Startling new report reveals more retirees than ever are entering retirement in debt
New research figures have revealed that a quarter of workers stopping work over the next 12 months will have unprecedented levels of retirement debt to cope with. Only 17% of people approaching retirement expect to owe money when they stop work, but 30 per cent nevertheless find themselves still mired in debt. The average sum owed is £34,600, but some 19% of retirees have debts of more than £50,000 and almost one in 10 is £100,000 in the red, according to Old Mutual Wealth’s Redefining Retirement report.

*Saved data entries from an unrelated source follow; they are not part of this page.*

lemma frac_moment_step:
  assumes th: "0 < th" "th \<le> 1"
  shows "(\<integral>\<^sup>+\<omega>. frac_moment th (Suc t) \<omega> \<partial>M) \<le> moment_factor th * (\<integral>\<^sup>+\<omega>. frac_moment th t \<omega> \<partial>M)"
proof -
  let ?S = "reach N0 rA t" and ?S' = "reach N0 rA (Suc t)"
  define q where "q x \<omega> = ennreal (\<bar>pop_fin N0 rA t (\<lambda>i. A i \<omega>) x\<bar> powr th)" for x \<omega>
  define a where "a x y \<omega> = ennreal (\<bar>A (Suc t) \<omega> x y\<bar> powr th)" for x y \<omega>
  define g where "g z = (\<integral>\<^sup>+\<omega>. ennreal (\<bar>A 1 \<omega> 0 z\<bar> powr th) \<partial>M)" for z
  have q_meas: "q x \<in> borel_measurable M" for x unfolding q_def using pop_fin_A_measurable by measurable
  have a_meas: "a x y \<in> borel_measurable M" for x y
    unfolding a_def using A_entry_measurable[of "Suc t" x y] by measurable
  have "(\<integral>\<^sup>+\<omega>. frac_moment th (Suc t) \<omega> \<partial>M) \<le> (\<integral>\<^sup>+\<omega>. (\<Sum>y\<in>?S'. \<Sum>x\<in>?S. q x \<omega> * a x y \<omega>) \<partial>M)"
  proof (rule nn_integral_mono)
    fix \<omega>
    have "ennreal (frac_moment th (Suc t) \<omega>) \<le> ennreal (\<Sum>y\<in>?S'. \<Sum>x\<in>?S.
            \<bar>pop_fin N0 rA t (\<lambda>i. A i \<omega>) x\<bar> powr th * \<bar>A (Suc t) \<omega> x y\<bar> powr th)"
      by (rule ennreal_leI) (rule frac_moment_Suc_le[OF th])
    also have "\<dots> = (\<Sum>y\<in>?S'. \<Sum>x\<in>?S. q x \<omega> * a x y \<omega>)"
      by (simp add: q_def a_def ennreal_mult sum_nonneg flip: sum_ennreal)
    finally show "ennreal (frac_moment th (Suc t) \<omega>) \<le> (\<Sum>y\<in>?S'. \<Sum>x\<in>?S. q x \<omega> * a x y \<omega>)" .
  qed
  also have "\<dots> = (\<Sum>y\<in>?S'. \<Sum>x\<in>?S. \<integral>\<^sup>+\<omega>. q x \<omega> * a x y \<omega> \<partial>M)"
    using q_meas a_meas by (simp add: nn_integral_sum)
  also have "\<dots> = (\<Sum>y\<in>?S'. \<Sum>x\<in>?S. (\<integral>\<^sup>+\<omega>. q x \<omega> \<partial>M) * g (y - x))"
    unfolding q_def a_def g_def by (simp only: nn_integral_step_term)
  also have "\<dots> = (\<Sum>x\<in>?S. (\<integral>\<^sup>+\<omega>. q x \<omega> \<partial>M) * (\<Sum>y\<in>?S'. g (y - x)))"
    by (subst sum.swap) (simp add: sum_distrib_left)
  also have "\<dots> \<le> (\<Sum>x\<in>?S. (\<integral>\<^sup>+\<omega>. q x \<omega> \<partial>M) * moment_factor th)"
    unfolding g_def using moment_factor_bound[OF th(1)] by (intro sum_mono mult_left_mono) auto
  also have "\<dots> = moment_factor th * (\<integral>\<^sup>+\<omega>. (\<Sum>x\<in>?S. q x \<omega>) \<partial>M)"
    using q_meas by (simp add: nn_integral_sum sum_distrib_left mult.commute)
  also have "(\<integral>\<^sup>+\<omega>. (\<Sum>x\<in>?S. q x \<omega>) \<partial>M) = (\<integral>\<^sup>+\<omega>. frac_moment th t \<omega> \<partial>M)"
    by (simp add: frac_moment_def q_def sum_nonneg flip: sum_ennreal)
  finally show ?thesis .
qed

lemma frac_moment_bound:
  assumes th: "0 < th" "th \<le> 1"
  shows "(\<integral>\<^sup>+\<omega>. frac_moment th t \<omega> \<partial>M)
           \<le> moment_factor th ^ t * (\<Sum>x\<in>reach N0 rA 0. \<bar>N0 x\<bar> powr th)"
proof (induction t)
  case 0
  show ?case by (simp add: frac_moment_def emeasure_space_1)
next
  case (Suc t)
  have "(\<integral>\<^sup>+\<omega>. frac_moment th (Suc t) \<omega> \<partial>M) \<le> moment_factor th * (\<integral>\<^sup>+\<omega>. frac_moment th t \<omega> \<partial>M)"
    by (rule frac_moment_step[OF th])
  also have "\<dots> \<le> moment_factor th * (moment_factor th ^ t * (\<Sum>x\<in>reach N0 rA 0. \<bar>N0 x\<bar> powr th))"
    by (rule mult_left_mono[OF Suc.IH]) simp
  finally show ?case by (simp add: mult.assoc)
qed

subsection \<open>Almost sure exponential decay\<close>

text \<open>Markov's inequality and Borel-Cantelli: if K(th) < b then almost surely
  Phi_t < b^t for all large t.\<close>
lemma AE_eventually_frac_moment_less:
  assumes th: "0 < th" "th \<le> 1"
    and K: "moment_factor th = ennreal Kr" "0 \<le> Kr" "Kr < b"
  shows "AE \<omega> in M. eventually (\<lambda>t. frac_moment th t \<omega> < b ^ t) sequentially"
proof -
  define C0 where "C0 = (\<Sum>x\<in>reach N0 rA 0. \<bar>N0 x\<bar> powr th)"
  have C0: "C0 \<ge> 0" unfolding C0_def by (simp add: sum_nonneg)
  have b: "0 < b" using K by simp
  define E where "E t = {\<omega> \<in> space M. b ^ t \<le> frac_moment th t \<omega>}" for t
  have E_sets: "E t \<in> sets M" for t
    unfolding E_def using frac_moment_measurable[of th t] by measurable
  have nn_le: "(\<integral>\<^sup>+\<omega>. frac_moment th t \<omega> \<partial>M) \<le> ennreal (Kr ^ t * C0)" for t
    using frac_moment_bound[OF th, of t] K C0
    by (simp add: C0_def ennreal_power ennreal_mult)
  have int: "integrable M (frac_moment th t)" for t
  proof (rule integrableI_nonneg)
    show "(\<integral>\<^sup>+\<omega>. frac_moment th t \<omega> \<partial>M) < \<infinity>" using nn_le[of t] by (simp add: order_le_less_trans)
  qed (use frac_moment_measurable frac_moment_nonneg in auto)
  have "ennreal (expectation (frac_moment th t)) \<le> ennreal (Kr ^ t * C0)" for t
    using nn_le[of t] int[of t] frac_moment_nonneg
    by (subst nn_integral_eq_integral[symmetric]) auto
  then have exp_le: "expectation (frac_moment th t) \<le> Kr ^ t * C0" for t
    using K C0 by simp
  have "measure M (E t) \<le> C0 * (Kr / b) ^ t" for t
  proof -
    have "measure M (E t) \<le> expectation (frac_moment th t) / b ^ t"
      unfolding E_def
      by (rule integral_Markov_inequality_measure) (use int frac_moment_nonneg b in auto)
    also have "\<dots> \<le> Kr ^ t * C0 / b ^ t" using exp_le[of t] b by (simp add: divide_right_mono)
    also have "\<dots> = C0 * (Kr / b) ^ t" by (simp add: power_divide)
    finally show ?thesis .
  qed
  then have "summable (\<lambda>t. measure M (E t))"
    using K b by (intro summable_comparison_test'[OF summable_mult[OF summable_geometric]]) auto
  then have "AE \<omega> in M. eventually (\<lambda>t. \<omega> \<in> space M - E t) sequentially"
    by (intro borel_cantelli_AE1[OF E_sets]) (simp_all add: less_top[symmetric])
  then show ?thesis
    by eventually_elim (auto elim!: eventually_mono simp: E_def)
qed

While mortgage rates have plummeted over the past decade, credit card interest rates remain excruciatingly high. Mortgage rates, and in particular those borrowers on trackers or standard variable rates, have come down in line with falling Bank of England base rate. However, credit card rates are still hovering around the 19% APR level, with some cards even higher at an eye-watering 39%. Paying off debt at a time when you no longer have a regular wage can have disastrous consequences for your retirement income. This new data shows the harsh reality that many will not be able to release themselves from those ties immediately, as levels of debt are higher than they perhaps imagine.

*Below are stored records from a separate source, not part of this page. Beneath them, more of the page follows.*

lemma mpow_Suc_left:
  assumes "p < N" "q < N"
  shows "mpow N G (Suc k) p q = (\<Sum>r<N. G p r * mpow N G k r q)"
  using assms(2)
proof (induction k arbitrary: q)
  case 0
  then show ?case using assms(1) by (simp add: of_bool_def[symmetric])
next
  case (Suc k)
  have "mpow N G (Suc (Suc k)) p q = (\<Sum>r<N. \<Sum>s<N. G p s * (mpow N G k s r * G r q))"
    using Suc.IH by (simp add: sum_distrib_right mult.assoc)
  also have "\<dots> = (\<Sum>s<N. \<Sum>r<N. G p s * (mpow N G k s r * G r q))"
    by (rule sum.swap)
  finally show ?case by (simp add: sum_distrib_left)
qed

lemma mpow_Suc_0: "p < N \<Longrightarrow> mpow N G (Suc 0) p q = G p q"
  by (simp add: of_bool_def[symmetric])

lemma sum_mpow_0_scaleR:
  fixes v :: "nat \<Rightarrow> 'a::real_vector"
  assumes "p < N"
  shows "(\<Sum>q<N. mpow N G 0 p q *\<^sub>R v q) = v p"
  using assms by (simp add: if_distrib[of "\<lambda>c. c *\<^sub>R _"] cong: if_cong)

lemma sum_mpow_Suc_scaleR:
  fixes v :: "nat \<Rightarrow> 'a::real_vector"
  assumes "p < N"
  shows "(\<Sum>q<N. G p q *\<^sub>R (\<Sum>r<N. mpow N G j q r *\<^sub>R v r)) = (\<Sum>r<N. mpow N G (Suc j) p r *\<^sub>R v r)"
proof -
  have "(\<Sum>q<N. G p q *\<^sub>R (\<Sum>r<N. mpow N G j q r *\<^sub>R v r))
      = (\<Sum>q<N. \<Sum>r<N. (G p q * mpow N G j q r) *\<^sub>R v r)"
    by (simp add: scaleR_sum_right)
  also have "\<dots> = (\<Sum>r<N. (\<Sum>q<N. G p q * mpow N G j q r) *\<^sub>R v r)"
    by (subst sum.swap) (simp add: scaleR_sum_left)
  also have "\<dots> = (\<Sum>r<N. mpow N G (Suc j) p r *\<^sub>R v r)"
  proof (intro sum.cong refl)
    fix r assume "r \<in> {..<N}"
    then show "(\<Sum>q<N. G p q * mpow N G j q r) *\<^sub>R v r = mpow N G (Suc j) p r *\<^sub>R v r"
      using mpow_Suc_left[OF assms, of r G j] by simp
  qed
  finally show ?thesis .
qed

Prioritise the most expensive debt
The key to getting your financial house in order is to pay down the most expensive debt first. If you have cash to spare, it’s more important to pay off credit or store cards before your mortgage, as these usually have the highest interest rate. Compound interest is your friend when investing in dividend-paying shares, but your enemy when it comes to debt. Now is the time to get your retirement portfolio in the best possible shape and keep a watchful eye on it up to and during your retirement years.
Too few people consider that the income needs of people in retirement are seldom constant. Research has shown that spending in retirement typically exhibits a ‘smile’ pattern: starting off high as people remain fit and have more leisure time, before falling as activity levels drop and eventually rising again as the requirement for additional care increases living costs. With this in mind, it only makes sense to take a sensible approach to your income draw-down and leave plenty of money in your retirement pot for the later years when you’ll need it most.